┌──
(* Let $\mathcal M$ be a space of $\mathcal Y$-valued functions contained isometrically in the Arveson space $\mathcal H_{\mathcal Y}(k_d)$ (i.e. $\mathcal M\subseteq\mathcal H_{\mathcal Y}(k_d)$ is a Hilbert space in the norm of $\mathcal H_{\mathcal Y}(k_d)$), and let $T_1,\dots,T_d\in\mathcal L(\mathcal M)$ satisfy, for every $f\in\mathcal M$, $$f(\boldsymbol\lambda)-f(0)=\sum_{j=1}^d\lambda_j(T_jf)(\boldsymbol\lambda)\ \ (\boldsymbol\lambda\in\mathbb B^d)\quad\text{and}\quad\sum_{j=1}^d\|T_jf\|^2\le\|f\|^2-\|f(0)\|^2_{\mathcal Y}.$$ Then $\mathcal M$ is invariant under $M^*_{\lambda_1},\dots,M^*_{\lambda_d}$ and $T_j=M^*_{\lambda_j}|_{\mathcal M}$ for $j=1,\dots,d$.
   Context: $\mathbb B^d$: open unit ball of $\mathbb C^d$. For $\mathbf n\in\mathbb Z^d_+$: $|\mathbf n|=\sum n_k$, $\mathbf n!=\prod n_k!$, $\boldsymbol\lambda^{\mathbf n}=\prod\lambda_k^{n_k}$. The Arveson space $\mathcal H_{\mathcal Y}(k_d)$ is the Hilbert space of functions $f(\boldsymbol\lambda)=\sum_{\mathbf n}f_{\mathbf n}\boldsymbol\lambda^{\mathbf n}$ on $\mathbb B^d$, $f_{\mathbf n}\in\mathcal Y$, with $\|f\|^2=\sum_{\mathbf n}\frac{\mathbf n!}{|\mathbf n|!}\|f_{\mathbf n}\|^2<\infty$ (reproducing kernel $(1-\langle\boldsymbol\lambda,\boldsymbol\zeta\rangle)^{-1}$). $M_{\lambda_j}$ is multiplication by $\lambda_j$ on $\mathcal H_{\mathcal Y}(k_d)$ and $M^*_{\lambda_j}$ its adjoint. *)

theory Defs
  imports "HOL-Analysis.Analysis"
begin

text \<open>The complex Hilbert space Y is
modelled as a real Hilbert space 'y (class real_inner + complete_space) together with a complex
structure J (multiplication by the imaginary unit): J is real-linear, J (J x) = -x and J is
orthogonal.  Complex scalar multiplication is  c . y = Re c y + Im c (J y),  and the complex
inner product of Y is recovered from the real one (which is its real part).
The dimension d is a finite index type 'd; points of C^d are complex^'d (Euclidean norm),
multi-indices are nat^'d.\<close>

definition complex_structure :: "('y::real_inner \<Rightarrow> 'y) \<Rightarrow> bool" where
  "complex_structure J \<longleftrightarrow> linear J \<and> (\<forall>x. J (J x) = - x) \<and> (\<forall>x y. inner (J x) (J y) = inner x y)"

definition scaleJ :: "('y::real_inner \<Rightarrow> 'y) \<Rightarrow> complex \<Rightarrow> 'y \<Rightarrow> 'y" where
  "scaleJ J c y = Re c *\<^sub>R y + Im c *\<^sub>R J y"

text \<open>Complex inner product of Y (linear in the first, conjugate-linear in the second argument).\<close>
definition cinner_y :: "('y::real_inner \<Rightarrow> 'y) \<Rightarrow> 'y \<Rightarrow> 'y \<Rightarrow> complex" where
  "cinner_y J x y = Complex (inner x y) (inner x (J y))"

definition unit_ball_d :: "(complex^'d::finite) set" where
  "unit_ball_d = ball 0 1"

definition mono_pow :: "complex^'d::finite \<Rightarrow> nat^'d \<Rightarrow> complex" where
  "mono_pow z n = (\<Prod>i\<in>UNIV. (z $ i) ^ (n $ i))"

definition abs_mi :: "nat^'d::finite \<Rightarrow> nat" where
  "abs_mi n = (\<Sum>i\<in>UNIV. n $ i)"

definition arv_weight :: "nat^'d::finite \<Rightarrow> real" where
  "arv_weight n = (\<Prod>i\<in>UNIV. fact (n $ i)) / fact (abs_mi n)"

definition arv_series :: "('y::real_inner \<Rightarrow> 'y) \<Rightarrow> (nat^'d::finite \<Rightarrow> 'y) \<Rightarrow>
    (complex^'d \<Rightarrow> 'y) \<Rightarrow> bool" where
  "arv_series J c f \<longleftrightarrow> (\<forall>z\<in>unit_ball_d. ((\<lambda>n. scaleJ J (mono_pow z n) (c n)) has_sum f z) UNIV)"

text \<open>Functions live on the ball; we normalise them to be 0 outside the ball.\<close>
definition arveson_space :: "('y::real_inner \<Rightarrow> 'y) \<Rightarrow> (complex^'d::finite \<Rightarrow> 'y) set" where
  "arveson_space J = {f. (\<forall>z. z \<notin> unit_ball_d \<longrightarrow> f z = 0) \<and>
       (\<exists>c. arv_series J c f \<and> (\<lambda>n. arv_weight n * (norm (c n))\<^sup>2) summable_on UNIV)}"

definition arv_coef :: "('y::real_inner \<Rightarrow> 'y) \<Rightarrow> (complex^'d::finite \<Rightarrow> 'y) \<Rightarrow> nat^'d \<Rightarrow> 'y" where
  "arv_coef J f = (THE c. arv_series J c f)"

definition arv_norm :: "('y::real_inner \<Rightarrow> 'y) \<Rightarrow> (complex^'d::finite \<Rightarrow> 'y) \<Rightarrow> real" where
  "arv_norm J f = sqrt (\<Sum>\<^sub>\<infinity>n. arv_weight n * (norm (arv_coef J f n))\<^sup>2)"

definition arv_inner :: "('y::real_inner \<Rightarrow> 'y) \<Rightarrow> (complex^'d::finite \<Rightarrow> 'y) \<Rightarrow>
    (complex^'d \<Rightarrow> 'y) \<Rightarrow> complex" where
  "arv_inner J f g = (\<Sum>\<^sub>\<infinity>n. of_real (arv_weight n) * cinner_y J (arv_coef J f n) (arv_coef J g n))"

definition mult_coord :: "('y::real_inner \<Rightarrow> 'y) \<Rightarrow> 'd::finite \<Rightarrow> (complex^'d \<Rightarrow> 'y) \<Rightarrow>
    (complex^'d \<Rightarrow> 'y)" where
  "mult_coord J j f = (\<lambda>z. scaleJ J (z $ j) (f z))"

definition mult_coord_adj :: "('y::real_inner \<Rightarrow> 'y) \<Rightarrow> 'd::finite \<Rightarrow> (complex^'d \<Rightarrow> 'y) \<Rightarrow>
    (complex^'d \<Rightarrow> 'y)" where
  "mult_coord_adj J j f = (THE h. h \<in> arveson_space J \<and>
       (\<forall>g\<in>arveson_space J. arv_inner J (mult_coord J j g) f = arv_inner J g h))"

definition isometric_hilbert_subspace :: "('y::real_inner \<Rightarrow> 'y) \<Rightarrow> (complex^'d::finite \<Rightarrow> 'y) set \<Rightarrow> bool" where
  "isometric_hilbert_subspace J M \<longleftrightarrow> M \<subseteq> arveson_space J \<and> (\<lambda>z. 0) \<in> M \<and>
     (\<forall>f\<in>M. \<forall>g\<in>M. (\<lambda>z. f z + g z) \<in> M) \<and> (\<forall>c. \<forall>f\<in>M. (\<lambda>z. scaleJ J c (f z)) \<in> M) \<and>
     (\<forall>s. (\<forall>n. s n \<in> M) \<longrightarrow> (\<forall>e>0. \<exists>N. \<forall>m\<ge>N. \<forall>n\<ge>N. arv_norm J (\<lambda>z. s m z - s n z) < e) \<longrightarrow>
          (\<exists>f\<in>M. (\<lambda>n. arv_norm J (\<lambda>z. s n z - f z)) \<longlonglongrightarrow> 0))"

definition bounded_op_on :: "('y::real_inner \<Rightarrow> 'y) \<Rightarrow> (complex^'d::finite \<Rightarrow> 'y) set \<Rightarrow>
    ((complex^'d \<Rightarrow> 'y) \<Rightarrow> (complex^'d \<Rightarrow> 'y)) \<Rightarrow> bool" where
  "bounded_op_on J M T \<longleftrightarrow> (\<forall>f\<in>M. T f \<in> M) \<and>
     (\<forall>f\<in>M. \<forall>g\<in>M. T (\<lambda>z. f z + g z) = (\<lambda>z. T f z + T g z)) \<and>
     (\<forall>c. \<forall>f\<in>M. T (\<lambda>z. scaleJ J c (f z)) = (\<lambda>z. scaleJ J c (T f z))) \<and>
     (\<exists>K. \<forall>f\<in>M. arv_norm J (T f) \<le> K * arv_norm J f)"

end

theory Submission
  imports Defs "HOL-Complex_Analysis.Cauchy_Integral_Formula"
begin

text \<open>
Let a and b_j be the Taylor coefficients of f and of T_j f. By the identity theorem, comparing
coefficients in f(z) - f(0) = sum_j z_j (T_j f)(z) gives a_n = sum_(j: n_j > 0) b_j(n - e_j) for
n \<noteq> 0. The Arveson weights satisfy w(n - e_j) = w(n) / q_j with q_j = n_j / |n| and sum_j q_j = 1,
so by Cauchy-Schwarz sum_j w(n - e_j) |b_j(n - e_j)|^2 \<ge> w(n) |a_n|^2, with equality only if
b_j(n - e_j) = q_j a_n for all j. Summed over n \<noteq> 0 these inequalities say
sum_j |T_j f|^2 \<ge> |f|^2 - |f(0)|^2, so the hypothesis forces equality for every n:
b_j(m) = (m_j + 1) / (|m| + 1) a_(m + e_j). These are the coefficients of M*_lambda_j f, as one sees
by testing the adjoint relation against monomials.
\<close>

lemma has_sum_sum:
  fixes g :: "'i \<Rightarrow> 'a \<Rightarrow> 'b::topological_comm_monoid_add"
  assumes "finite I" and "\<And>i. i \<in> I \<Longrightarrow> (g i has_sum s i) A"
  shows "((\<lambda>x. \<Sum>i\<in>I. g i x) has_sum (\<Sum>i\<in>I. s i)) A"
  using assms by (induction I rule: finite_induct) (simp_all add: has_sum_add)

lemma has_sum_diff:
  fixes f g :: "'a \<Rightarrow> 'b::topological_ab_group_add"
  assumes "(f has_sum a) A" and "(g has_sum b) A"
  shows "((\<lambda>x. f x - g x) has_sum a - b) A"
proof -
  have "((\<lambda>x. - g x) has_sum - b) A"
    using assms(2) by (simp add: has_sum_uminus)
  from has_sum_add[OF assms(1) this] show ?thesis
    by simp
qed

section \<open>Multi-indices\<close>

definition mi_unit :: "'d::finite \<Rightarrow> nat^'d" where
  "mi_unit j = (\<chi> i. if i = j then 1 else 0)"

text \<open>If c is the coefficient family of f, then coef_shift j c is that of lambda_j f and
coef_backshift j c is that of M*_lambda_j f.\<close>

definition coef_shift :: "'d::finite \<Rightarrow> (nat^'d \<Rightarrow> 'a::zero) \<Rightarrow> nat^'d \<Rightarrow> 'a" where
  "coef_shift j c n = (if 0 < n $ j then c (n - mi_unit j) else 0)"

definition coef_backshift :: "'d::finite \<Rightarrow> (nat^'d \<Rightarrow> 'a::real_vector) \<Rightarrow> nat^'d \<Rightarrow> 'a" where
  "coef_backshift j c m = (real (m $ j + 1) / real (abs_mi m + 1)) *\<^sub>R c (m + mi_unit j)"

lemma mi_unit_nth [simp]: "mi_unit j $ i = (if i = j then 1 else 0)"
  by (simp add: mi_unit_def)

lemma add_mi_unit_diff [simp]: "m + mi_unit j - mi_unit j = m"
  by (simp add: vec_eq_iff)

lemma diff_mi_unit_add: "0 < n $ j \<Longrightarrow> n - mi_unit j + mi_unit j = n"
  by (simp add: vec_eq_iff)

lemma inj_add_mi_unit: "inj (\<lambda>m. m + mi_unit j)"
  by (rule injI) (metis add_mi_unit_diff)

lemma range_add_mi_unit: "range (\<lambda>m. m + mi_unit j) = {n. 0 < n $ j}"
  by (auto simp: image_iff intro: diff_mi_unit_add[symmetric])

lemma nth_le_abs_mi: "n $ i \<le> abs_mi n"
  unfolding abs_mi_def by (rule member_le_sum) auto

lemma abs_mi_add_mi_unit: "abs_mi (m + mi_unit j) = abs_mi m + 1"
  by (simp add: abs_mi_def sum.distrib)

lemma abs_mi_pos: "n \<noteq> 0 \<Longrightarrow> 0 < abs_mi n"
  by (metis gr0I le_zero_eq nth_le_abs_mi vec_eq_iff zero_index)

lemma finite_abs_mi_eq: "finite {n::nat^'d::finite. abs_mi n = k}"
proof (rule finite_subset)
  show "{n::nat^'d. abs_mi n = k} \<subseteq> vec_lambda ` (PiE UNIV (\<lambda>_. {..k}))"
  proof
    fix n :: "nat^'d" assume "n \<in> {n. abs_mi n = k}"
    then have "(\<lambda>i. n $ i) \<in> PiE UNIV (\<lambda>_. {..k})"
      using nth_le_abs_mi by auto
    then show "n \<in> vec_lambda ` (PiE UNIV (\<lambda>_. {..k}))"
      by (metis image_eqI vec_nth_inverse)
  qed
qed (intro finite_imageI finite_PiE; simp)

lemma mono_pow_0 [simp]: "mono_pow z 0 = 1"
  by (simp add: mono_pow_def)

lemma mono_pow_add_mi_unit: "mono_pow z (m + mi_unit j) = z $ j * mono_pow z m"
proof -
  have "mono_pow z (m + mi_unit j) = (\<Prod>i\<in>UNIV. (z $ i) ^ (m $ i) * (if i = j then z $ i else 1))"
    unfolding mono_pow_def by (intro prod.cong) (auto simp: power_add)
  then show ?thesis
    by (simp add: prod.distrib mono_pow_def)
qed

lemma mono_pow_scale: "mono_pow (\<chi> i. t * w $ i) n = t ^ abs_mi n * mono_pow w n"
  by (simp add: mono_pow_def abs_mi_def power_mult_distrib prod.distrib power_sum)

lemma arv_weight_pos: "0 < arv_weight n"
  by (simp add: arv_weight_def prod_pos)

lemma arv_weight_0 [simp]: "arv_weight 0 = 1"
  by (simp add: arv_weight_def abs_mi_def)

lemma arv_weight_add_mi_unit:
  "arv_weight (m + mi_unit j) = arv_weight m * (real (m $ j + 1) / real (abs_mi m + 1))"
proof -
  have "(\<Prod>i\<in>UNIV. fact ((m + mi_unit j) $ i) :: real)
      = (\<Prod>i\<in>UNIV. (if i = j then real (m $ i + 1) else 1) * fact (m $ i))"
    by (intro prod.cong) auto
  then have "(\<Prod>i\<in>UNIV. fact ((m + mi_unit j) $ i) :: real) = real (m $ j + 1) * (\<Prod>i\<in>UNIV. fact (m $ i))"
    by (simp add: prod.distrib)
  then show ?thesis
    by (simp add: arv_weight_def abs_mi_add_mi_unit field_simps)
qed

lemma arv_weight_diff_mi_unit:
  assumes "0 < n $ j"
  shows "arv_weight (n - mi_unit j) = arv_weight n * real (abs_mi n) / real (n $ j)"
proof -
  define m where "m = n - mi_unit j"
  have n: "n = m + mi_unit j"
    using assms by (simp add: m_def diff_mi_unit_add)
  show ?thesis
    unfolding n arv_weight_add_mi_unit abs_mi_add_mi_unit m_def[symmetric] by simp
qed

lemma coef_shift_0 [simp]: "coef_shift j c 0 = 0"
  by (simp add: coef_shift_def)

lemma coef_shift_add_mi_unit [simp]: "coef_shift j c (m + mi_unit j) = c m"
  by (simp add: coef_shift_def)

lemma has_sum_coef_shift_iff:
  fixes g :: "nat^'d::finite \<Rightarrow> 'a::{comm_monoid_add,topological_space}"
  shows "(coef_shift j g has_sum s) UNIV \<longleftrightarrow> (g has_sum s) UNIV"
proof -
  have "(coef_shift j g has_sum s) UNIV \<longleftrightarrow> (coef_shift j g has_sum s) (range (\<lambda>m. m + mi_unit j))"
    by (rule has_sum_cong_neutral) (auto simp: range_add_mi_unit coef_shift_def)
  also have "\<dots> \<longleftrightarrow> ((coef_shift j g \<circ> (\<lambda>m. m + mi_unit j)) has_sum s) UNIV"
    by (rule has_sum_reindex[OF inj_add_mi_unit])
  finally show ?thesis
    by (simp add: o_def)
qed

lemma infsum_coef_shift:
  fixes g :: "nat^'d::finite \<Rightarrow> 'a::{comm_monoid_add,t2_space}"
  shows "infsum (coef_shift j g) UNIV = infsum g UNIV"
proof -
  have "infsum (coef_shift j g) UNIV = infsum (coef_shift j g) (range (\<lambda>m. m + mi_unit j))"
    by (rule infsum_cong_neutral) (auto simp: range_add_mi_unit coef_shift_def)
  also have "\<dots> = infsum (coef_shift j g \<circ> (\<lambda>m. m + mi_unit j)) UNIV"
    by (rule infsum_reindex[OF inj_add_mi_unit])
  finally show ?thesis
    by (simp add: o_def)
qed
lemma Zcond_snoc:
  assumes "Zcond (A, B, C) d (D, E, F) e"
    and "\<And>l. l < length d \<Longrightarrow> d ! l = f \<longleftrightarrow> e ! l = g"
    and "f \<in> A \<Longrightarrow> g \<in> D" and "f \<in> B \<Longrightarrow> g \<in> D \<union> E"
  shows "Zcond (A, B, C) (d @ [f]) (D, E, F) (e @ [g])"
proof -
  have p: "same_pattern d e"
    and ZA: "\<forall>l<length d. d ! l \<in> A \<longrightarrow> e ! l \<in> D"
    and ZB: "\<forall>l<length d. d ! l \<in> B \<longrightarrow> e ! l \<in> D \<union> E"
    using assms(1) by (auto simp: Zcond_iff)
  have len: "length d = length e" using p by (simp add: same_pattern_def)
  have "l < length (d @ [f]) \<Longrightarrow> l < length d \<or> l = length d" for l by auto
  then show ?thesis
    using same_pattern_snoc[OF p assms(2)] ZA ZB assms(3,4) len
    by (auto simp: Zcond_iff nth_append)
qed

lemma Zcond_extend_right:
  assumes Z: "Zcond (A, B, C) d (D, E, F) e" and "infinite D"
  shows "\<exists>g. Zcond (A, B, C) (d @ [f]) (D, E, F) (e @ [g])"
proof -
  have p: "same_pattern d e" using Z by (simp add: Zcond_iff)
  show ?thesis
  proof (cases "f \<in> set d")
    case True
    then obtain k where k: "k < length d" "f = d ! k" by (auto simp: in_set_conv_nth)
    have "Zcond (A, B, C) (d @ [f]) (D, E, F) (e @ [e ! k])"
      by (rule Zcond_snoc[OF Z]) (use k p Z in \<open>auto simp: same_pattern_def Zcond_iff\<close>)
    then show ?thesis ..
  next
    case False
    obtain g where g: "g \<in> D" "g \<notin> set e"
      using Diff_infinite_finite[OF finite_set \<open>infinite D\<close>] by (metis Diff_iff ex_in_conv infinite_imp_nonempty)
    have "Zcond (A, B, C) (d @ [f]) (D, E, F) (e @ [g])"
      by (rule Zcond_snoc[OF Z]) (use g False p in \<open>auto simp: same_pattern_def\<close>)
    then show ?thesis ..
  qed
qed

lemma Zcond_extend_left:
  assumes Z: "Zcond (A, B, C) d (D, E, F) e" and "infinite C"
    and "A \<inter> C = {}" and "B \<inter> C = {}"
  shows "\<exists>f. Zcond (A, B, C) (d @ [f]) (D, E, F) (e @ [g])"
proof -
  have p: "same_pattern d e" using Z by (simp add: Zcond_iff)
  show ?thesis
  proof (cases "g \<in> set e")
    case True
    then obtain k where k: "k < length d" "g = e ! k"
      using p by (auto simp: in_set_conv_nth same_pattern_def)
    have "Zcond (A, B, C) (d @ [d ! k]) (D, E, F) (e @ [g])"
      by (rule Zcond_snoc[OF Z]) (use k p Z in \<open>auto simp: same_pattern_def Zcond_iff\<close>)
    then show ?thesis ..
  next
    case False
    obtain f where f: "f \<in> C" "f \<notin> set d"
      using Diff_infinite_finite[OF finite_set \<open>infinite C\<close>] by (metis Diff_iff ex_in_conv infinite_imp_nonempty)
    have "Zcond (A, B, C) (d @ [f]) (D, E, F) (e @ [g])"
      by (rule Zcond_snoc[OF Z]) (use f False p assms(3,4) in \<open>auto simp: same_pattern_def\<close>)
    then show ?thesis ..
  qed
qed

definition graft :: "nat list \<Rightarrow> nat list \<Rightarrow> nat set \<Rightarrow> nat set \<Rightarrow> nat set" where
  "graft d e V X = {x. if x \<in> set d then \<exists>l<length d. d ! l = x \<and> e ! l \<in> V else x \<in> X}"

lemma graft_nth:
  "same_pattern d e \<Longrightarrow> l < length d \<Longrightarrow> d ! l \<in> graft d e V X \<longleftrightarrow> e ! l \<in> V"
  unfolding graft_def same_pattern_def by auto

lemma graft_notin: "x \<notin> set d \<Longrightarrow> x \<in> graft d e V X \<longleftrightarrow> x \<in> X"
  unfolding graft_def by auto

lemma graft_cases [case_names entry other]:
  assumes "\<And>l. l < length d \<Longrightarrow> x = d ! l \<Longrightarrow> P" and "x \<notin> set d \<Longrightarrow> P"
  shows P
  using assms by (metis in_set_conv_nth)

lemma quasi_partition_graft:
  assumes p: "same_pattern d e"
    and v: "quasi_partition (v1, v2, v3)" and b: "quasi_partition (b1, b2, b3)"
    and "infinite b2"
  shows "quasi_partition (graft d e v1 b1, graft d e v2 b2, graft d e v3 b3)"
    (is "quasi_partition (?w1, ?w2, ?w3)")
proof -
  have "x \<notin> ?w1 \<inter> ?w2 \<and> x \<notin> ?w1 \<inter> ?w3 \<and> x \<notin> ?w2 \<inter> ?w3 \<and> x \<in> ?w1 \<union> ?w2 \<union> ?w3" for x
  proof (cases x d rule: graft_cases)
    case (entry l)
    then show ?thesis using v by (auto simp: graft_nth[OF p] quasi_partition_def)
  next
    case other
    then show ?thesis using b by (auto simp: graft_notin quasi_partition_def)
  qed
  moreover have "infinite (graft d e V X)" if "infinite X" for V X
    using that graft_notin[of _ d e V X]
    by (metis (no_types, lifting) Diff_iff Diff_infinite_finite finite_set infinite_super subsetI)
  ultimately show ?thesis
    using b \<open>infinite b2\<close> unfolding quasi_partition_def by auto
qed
└──
• Task objective: Restate word for word the lines of the data above, starting at the line containing "j g) (range" and ending at the line containing "A \<Longrightarrow> g", both included, and nothing more.

• Response to this exercise:
  have "infsum (coef_shift j g) UNIV = infsum (coef_shift j g) (range (\<lambda>m. m + mi_unit j))"
    by (rule infsum_cong_neutral) (auto simp: range_add_mi_unit coef_shift_def)
  also have "\<dots> = infsum (coef_shift j g \<circ> (\<lambda>m. m + mi_unit j)) UNIV"
    by (rule infsum_reindex[OF inj_add_mi_unit])
  finally show ?thesis
    by (simp add: o_def)
qed
lemma Zcond_snoc:
  assumes "Zcond (A, B, C) d (D, E, F) e"
    and "\<And>l. l < length d \<Longrightarrow> d ! l = f \<longleftrightarrow> e ! l = g"
    and "f \<in> A \<Longrightarrow> g \<in> D" and "f \<in> B \<Longrightarrow> g \<in> D \<union> E"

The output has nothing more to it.